In calc(), this is a pointer to const A, but the parameter j is taken by non-const reference, so this is perfectly standard behaviour.
Now, if in calc you tried to assign to this->i, the code would not compile.
void A::calc(const int value) const
{
i = value; // Compilation error here: i is a data member of a const instance
}
In the same way, if set1 was made a const member function, then, the code would not compile (because it would try to bind this->i to a parameter taken by non-const reference)
Sure.

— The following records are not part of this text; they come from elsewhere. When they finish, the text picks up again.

text \<open>Opt-saturated regime: the equilibrium price p0, as a function of kappa_peak,
  is differentiable with positive derivative (inverse function theorem applied to
  the saturating load).\<close>

lemma p0_deriv_kpeak:
  assumes ka: "0 < ka" and kp: "0 < kp" and h: "meta M < p0 M ka kp" "q_brk < p0 M ka kp * ka"
  shows "\<exists>D>0. ((\<lambda>k. p0 M ka k) has_real_derivative D) (at kp)"
proof -
  define P0 where "P0 = p0 M ka kp"
  define S where "S = {max (meta M) (q_brk / ka)<..}"
  have inS: "z \<in> S \<longleftrightarrow> meta M < z \<and> q_brk < z * ka" for z
    using ka by (simp add: S_def pos_divide_less_eq)
  have Spos: "z \<in> S \<Longrightarrow> z > 0" for z using inS market_facts by (meson less_trans)
  have P0S: "P0 \<in> S" using inS h by (simp add: P0_def)
  obtain f' where f': "f' > 0" "(sat_load ka has_real_derivative f') (at P0)"
    using sat_load_deriv[OF ka Spos[OF P0S]] P0S inS by blast
  have load: "sat_load ka P0 = kp"
    using p0_sat[OF ka kp h(1)] kp traffic_pos[of "P0 * ka"] Spos[OF P0S] ka
    by (simp add: sat_load_def P0_def field_simps)
  have "((\<lambda>k. p0 M ka k) has_derivative (\<lambda>h. inverse f' * h)) (at (sat_load ka P0))"
  proof (rule has_derivative_inverse_strong[of S P0 "sat_load ka"])
    show "open S" "P0 \<in> S" using P0S by (simp_all add: S_def)
    show "continuous_on S (sat_load ka)"
      using sat_load_cont[OF ka] by (rule continuous_on_subset) (use Spos in auto)
    show "\<And>z. z \<in> S \<Longrightarrow> p0 M ka (sat_load ka z) = z" using p0_sat_load[OF ka] inS by simp
    show "(sat_load ka has_derivative (\<lambda>h. f' * h)) (at P0)"
      using f'(2) by (simp add: has_field_derivative_def)
    show "(\<lambda>h. f' * h) \<circ> (\<lambda>h. inverse f' * h) = id" using f'(1) by (auto simp: fun_eq_iff)
  qed
  then have "((\<lambda>k. p0 M ka k) has_real_derivative inverse f') (at kp)"
    using load by (simp add: has_field_derivative_def)
  moreover have "inverse f' > 0" using f'(1) by simp
  ultimately show ?thesis by blast
qed

text \<open>In the opt-saturated regime the equilibrium price is p0.  The conditions
  characterising the regime are open in kappa_peak, so near kp the equilibrium price
  is p0 as well.\<close>

lemma eq_price_sat:
  assumes ka: "0 < ka" and kp: "0 < kp"
    and h: "meta M < p0 M ka kp" "q_brk < p0 M ka kp * ka" "rev_slope (meta M * ka) (p0 M ka kp * ka) < 0"
  shows "eq_price M ka kp = p0 M ka kp"
  unfolding eq_price_def using sat_equilibrium(3)[OF ka kp h] by (intro the_equality) auto

lemma eq_price_near_sat:
  assumes ka: "0 < ka" and kp: "0 < kp" and os: "opt_sat_cond M ka kp"
    and cP: "isCont (\<lambda>k. p0 M ka k) kp"
  shows "eventually (\<lambda>k. eq_price M ka k = p0 M ka k) (nhds kp)"
proof -
  define P where "P = (\<lambda>k. p0 M ka k)"
  have h: "meta M < P kp" "q_brk < P kp * ka" "rev_slope (meta M * ka) (P kp * ka) < 0"
    using opt_sat_facts[OF ka kp os] by (auto simp: P_def)
  have cP2: "isCont (\<lambda>k. P k * ka) kp" using cP by (intro continuous_intros) (simp add: P_def)
  have "P kp * ka > 0" using h q_brk_pos by linarith
  then have cP3: "isCont (\<lambda>k. rev_slope (meta M * ka) (P k * ka)) kp"
    using isCont_o2[OF cP2 rev_slope_isCont] by simp
  obtain d1 where d1: "d1 > 0" "\<And>y. \<bar>y - kp\<bar> < d1 \<Longrightarrow> meta M < P y"
    using cont_nbhd_greater[OF cP, of "meta M"] h by (auto simp: P_def)
  obtain d2 where d2: "d2 > 0" "\<And>y. \<bar>y - kp\<bar> < d2 \<Longrightarrow> q_brk < P y * ka"
    using cont_nbhd_greater[OF cP2, of q_brk] h by auto
  obtain d3 where d3: "d3 > 0" "\<And>y. \<bar>y - kp\<bar> < d3 \<Longrightarrow> rev_slope (meta M * ka) (P y * ka) < 0"
    using cont_nbhd_less[OF cP3, of 0] h by auto
  define d where "d = min kp (min d1 (min d2 d3))"
  have d: "d > 0" using d1 d2 d3 kp by (simp add: d_def)
  show ?thesis unfolding eventually_nhds_metric
  proof (intro exI[of _ d] conjI allI impI)
    fix y assume "dist y kp < d"
    then have y: "\<bar>y - kp\<bar> < d" by (simp add: dist_real_def)
    have y0: "y > 0" using y by (simp add: d_def abs_less_iff)
    show "eq_price M ka y = p0 M ka y"
      using eq_price_sat[OF ka y0] d1(2)[of y] d2(2)[of y] d3(2)[of y] y by (simp add: d_def P_def)
  qed (rule d)
qed

lemma eq_revenue_deriv_kpeak:
  assumes ka: "0 < ka" and kp: "0 < kp" and os: "opt_sat_cond M ka kp"
  shows "\<exists>D. ((\<lambda>k. Rev M ka (eq_price M ka k)) has_real_derivative D) (at kp) \<and> D < 0"
proof -
  define P0 where "P0 = p0 M ka kp"
  have h: "meta M < P0" "q_brk < P0 * ka" "rev_slope (meta M * ka) (P0 * ka) < 0"
    using opt_sat_facts[OF ka kp os] by (auto simp: P0_def)
  have P00: "P0 > 0" using h market_facts by linarith
  obtain D' where D': "D' > 0" "((\<lambda>k. p0 M ka k) has_real_derivative D') (at kp)"
    using p0_deriv_kpeak[OF ka kp h(1,2)[unfolded P0_def]] by blast
  have dR: "((\<lambda>k. Rev M ka (p0 M ka k)) has_real_derivative (ka * rev_slope (meta M * ka) (P0 * ka)) * D') (at kp)"
    using DERIV_chain2[OF Rev_deriv[OF ka P00 h(2), unfolded P0_def] D'(2)] by (simp add: P0_def)
  have "((\<lambda>k. Rev M ka (eq_price M ka k)) has_real_derivative (ka * rev_slope (meta M * ka) (P0 * ka)) * D') (at kp)"
  proof -
    have "eventually (\<lambda>k. Rev M ka (eq_price M ka k) = Rev M ka (p0 M ka k)) (nhds kp)"
      using eq_price_near_sat[OF ka kp os DERIV_isCont[OF D'(2)]] by (rule eventually_mono) simp
    from DERIV_cong_ev[OF refl this refl] show ?thesis using dR by simp
  qed
  moreover have "(ka * rev_slope (meta M * ka) (P0 * ka)) * D' < 0"
    using h ka D'(1) by (simp add: mult_neg_pos mult_pos_neg)
  ultimately show ?thesis by blast
qed

text \<open>Part (i), comparison: a smaller kappa_peak allows more traffic, so the
  saturation price p0 strictly decreases.\<close>

lemma p0_strict_mono_kpeak:
  assumes ka: "0 < ka" and k: "0 < k1" "k1 < k2" and h2: "meta M < p0 M ka k2"
  shows "p0 M ka k1 < p0 M ka k2"
proof -
  define P2 where "P2 = p0 M ka k2"
  have k2: "0 < k2" using k by simp
  have P20: "P2 > 0" using p0_pos[OF ka k2] by (simp add: P2_def)
  have "k2 * traffic (P2 * ka) = mC M" using p0_sat[OF ka k2 h2] by (simp add: P2_def)
  moreover have "traffic (P2 * ka) > 0" using traffic_pos[of "P2 * ka"] P20 ka by simp
  ultimately have "k1 * traffic (P2 * ka) < mC M" using k(2) by (metis mult_strict_right_mono)
  then show ?thesis using p0_lt_of_slack[OF ka k(1)] h2 by (simp add: P2_def)
qed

Marking the method const just makes *this const, i.e. the function promises not to modify the object by writing through this.
It's still possible to modify the object through other means (assuming they're not marked const as well, such as int& j in your example).

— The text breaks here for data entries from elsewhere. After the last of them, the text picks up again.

lemma rank_le_pred_schur_compl:
  assumes hahn: "\<And>i j. i \<le> n \<Longrightarrow> j \<le> n \<Longrightarrow> is_hahn (L i j)" and corner: "L n n \<noteq> hzero"
    and rk: "rank_le_pred (n + 1) (r + 1) L"
  shows "rank_le_pred n r (schur_compl n L)"
  unfolding rank_le_pred_def
proof (intro allI impI)
  fix I J assume I: "I \<subseteq> {..<n}" and J: "J \<subseteq> {..<n}" and cI: "card I = r" and cJ: "card J = r"
  have fI: "finite I" and fJ: "finite J" using I J finite_subset by auto
  have nI: "sorted_nth I k < n" and nJ: "sorted_nth J k < n" if "k < r" for k
    using sorted_nth_in[OF fI, of k] sorted_nth_in[OF fJ, of k] that cI cJ I J by auto
  have "n \<notin> I" "n \<notin> J" using I J by auto
  then have cI': "card (insert n I) = r + 1" and cJ': "card (insert n J) = r + 1" using cI cJ fI fJ by auto
  let ?c = "habs (L n n)"
  let ?B = "mat r r (\<lambda>(k, l). habs (L (sorted_nth I k) (sorted_nth J l)))"
  let ?x = "mat r 1 (\<lambda>(k, l). habs (L (sorted_nth I k) n))"
  let ?y = "mat 1 r (\<lambda>(k, l). habs (L n (sorted_nth J l)))"
  have I_less: "\<And>i. i \<in> I \<Longrightarrow> i < n" and J_less: "\<And>j. j \<in> J \<Longrightarrow> j < n" using I J by auto
  have "insert n I \<subseteq> {..<n + 1}" "insert n J \<subseteq> {..<n + 1}" using I J by auto
  then have "hminor L (insert n I) (insert n J) = hzero"
    using rk cI' cJ' unfolding rank_le_pred_def by blast
  moreover have "hminor L (insert n I) (insert n J) = hrep (det (four_block_mat ?B ?x ?y (?c \<cdot>\<^sub>m 1\<^sub>m 1)))"
  proof -
    have "\<And>i j. i \<in> insert n I \<Longrightarrow> j \<in> insert n J \<Longrightarrow> is_hahn (L i j)"
      using hahn I_less J_less by (auto simp: less_imp_le)
    with hminor_eq_hrep_det[of "insert n I" "insert n J" L] fI fJ cI' cJ'
    have "hminor L (insert n I) (insert n J) = hrep (det (mat (r + 1) (r + 1)
        (\<lambda>(k, l). habs (L (sorted_nth (insert n I) k) (sorted_nth (insert n J) l)))))"
      by simp
    also have "mat (r + 1) (r + 1) (\<lambda>(k, l). habs (L (sorted_nth (insert n I) k) (sorted_nth (insert n J) l)))
        = four_block_mat ?B ?x ?y (?c \<cdot>\<^sub>m 1\<^sub>m 1)"
      by (rule eq_matI)
        (auto simp: sorted_nth_insert_greatest[OF fI I_less] sorted_nth_insert_greatest[OF fJ J_less] cI cJ)
    finally show ?thesis .
  qed
  ultimately have "det (four_block_mat ?B ?x ?y (?c \<cdot>\<^sub>m 1\<^sub>m 1)) = 0"
    by (simp add: hrep_eq_hzero_iff)
  moreover have "det (four_block_mat ?B ?x ?y (?c \<cdot>\<^sub>m 1\<^sub>m 1)) * ?c ^ r = det (?c \<cdot>\<^sub>m ?B - ?x * ?y) * ?c"
    by (rule chio_condensation) auto
  moreover have "?c \<noteq> 0" using habs_nonzero hahn corner by simp
  ultimately have "det (?c \<cdot>\<^sub>m ?B - ?x * ?y) = 0" by simp
  moreover have "mat r r (\<lambda>(k, l). habs (schur_compl n L (sorted_nth I k) (sorted_nth J l))) = ?c \<cdot>\<^sub>m ?B - ?x * ?y"
    by (rule eq_matI) (auto simp: habs_schur_compl[OF hahn] nI nJ less_imp_le scalar_prod_def)
  moreover have "\<And>i j. i \<in> I \<Longrightarrow> j \<in> J \<Longrightarrow> is_hahn (schur_compl n L i j)"
    unfolding schur_compl_def using I_less J_less by (intro is_hahn_diff is_hahn_hmul hahn) (auto simp: less_imp_le)
  note hminor_eq_hrep_det[of I J "schur_compl n L", OF fI fJ _ this]
  ultimately show "hminor (schur_compl n L) I J = hzero"
    using cI cJ by (simp add: zero_hs.rep_eq)
qed

lemma not_sym_minors_tropical_basis_border_mat:
  assumes A: "symmetric_mat n A"
    and sing: "\<And>I J. I \<subseteq> {..<n} \<Longrightarrow> J \<subseteq> {..<n} \<Longrightarrow> card I = r \<Longrightarrow> card J = r \<Longrightarrow> sym_trop_singular A I J"
    and no_lift: "\<nexists>L. symmetric_lift n A L \<and> rank_le_pred n r L"
  shows "\<not> sym_minors_tropical_basis (n + 1) (r + 1)"
proof -
  define N where "N = 1 + (\<Sum>i<n. \<Sum>j<n. \<bar>A i j\<bar>)"
  have bound: "A i j < N" if "i < n" "j < n" for i j
  proof -
    have "\<bar>A i j\<bar> \<le> (\<Sum>j<n. \<bar>A i j\<bar>)" using that by (intro member_le_sum) auto
    also have "\<dots> \<le> (\<Sum>i<n. \<Sum>j<n. \<bar>A i j\<bar>)"
      using that by (intro member_le_sum[of i "{..<n}" "\<lambda>i. \<Sum>j<n. \<bar>A i j\<bar>"]) (auto intro: sum_nonneg)
    finally show ?thesis unfolding N_def by linarith
  qed
  have N: "0 < N" unfolding N_def by (smt (verit) sum_nonneg abs_ge_zero)
  have "\<nexists>L. symmetric_lift (n + 1) (border_mat n N A) L \<and> rank_le_pred (n + 1) (r + 1) L"
  proof
    assume "\<exists>L. symmetric_lift (n + 1) (border_mat n N A) L \<and> rank_le_pred (n + 1) (r + 1) L"
    then obtain L where lift: "symmetric_lift (n + 1) (border_mat n N A) L" and rk: "rank_le_pred (n + 1) (r + 1) L"
      by blast
    have "\<And>i j. i \<le> n \<Longrightarrow> j \<le> n \<Longrightarrow> is_hahn (L i j)" "L n n \<noteq> hzero"
      using lift unfolding symmetric_lift_def by auto
    then have "rank_le_pred n r (schur_compl n L)" by (rule rank_le_pred_schur_compl[OF _ _ rk])
    with symmetric_lift_schur_compl[OF lift bound N] no_lift show False by blast
  qed
  moreover have "\<forall>I J. I \<subseteq> {..<n + 1} \<longrightarrow> J \<subseteq> {..<n + 1} \<longrightarrow> card I = r + 1 \<longrightarrow> card J = r + 1
      \<longrightarrow> sym_trop_singular (border_mat n N A) I J"
    using border_mat_sym_trop_singular[OF sing bound N] by blast
  ultimately show ?thesis
    using symmetric_mat_border_mat[OF A] unfolding sym_minors_tropical_basis_def by blast
qed

theorem corollary4:
  fixes n r :: nat
  assumes "\<not> sym_minors_tropical_basis n r"
  shows "\<not> sym_minors_tropical_basis (n + 1) (r + 1)"
proof -
  obtain A where A: "symmetric_mat n A"
    and not_iff: "\<not> ((\<forall>I J. I \<subseteq> {..<n} \<longrightarrow> J \<subseteq> {..<n} \<longrightarrow> card I = r \<longrightarrow> card J = r
          \<longrightarrow> sym_trop_singular A I J) \<longleftrightarrow> (\<exists>L. symmetric_lift n A L \<and> rank_le_pred n r L))"
    using assms unfolding sym_minors_tropical_basis_def by blast
  then show ?thesis
    using not_sym_minors_tropical_basis_border_mat[OF A] sym_trop_singular_if_lift_rank_le by blast
qed

end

Remember that having a "const pointer" like const Thing* or a "const reference" like const Thing& does NOT mean that the const-qualified object cannot change while you have the pointer/reference. It only means that you can't use that particular pointer/reference as a way of changing it. But there could be other names, pointers, or references that do allow changing it.
A couple of examples:
void f1(const int& arg1, int& arg2) {
std::cout << "arg1 before: " << arg1 << "\n";
arg2 = 4;
std::cout << "arg1 after: " << arg1 << "\n"; // same thing?
}
f1 might look as though it must always print the same value in the "before" and "after" lines. But not if someone passes the same int object to both arguments:
void call_f1() {
int n = 7;
f1(n, n); // Prints before 7, after 4!
}
Or if a function call comes between two uses of a const reference, that can similarly change a variable in some way:
void something_else();
void f2(const int& arg) {
std::cout << "arg before: " << arg << "\n";
something_else();
std::cout << "arg after: " << arg << "\n";
}
int n = 2;
void something_else() { n = 8; }
void call_f2() {
f2(n); // Prints before 2, after 8!
}
So it's true that in your void A::calc(int& j, const int value) const function, the this pointer is const A* const, which means you can't change the A object using the this pointer. But there can still be other ways to change it, like here you have an int& j reference to non-const object. If it so happens that j refers to a subobject of *this, then modifying j is a valid way of modifying the subobject of *this. This is similar to my f1 example above, where arg1 can't be used to change the referenced int, but arg2 can, and if they refer to the same int, this means arg1 has changed.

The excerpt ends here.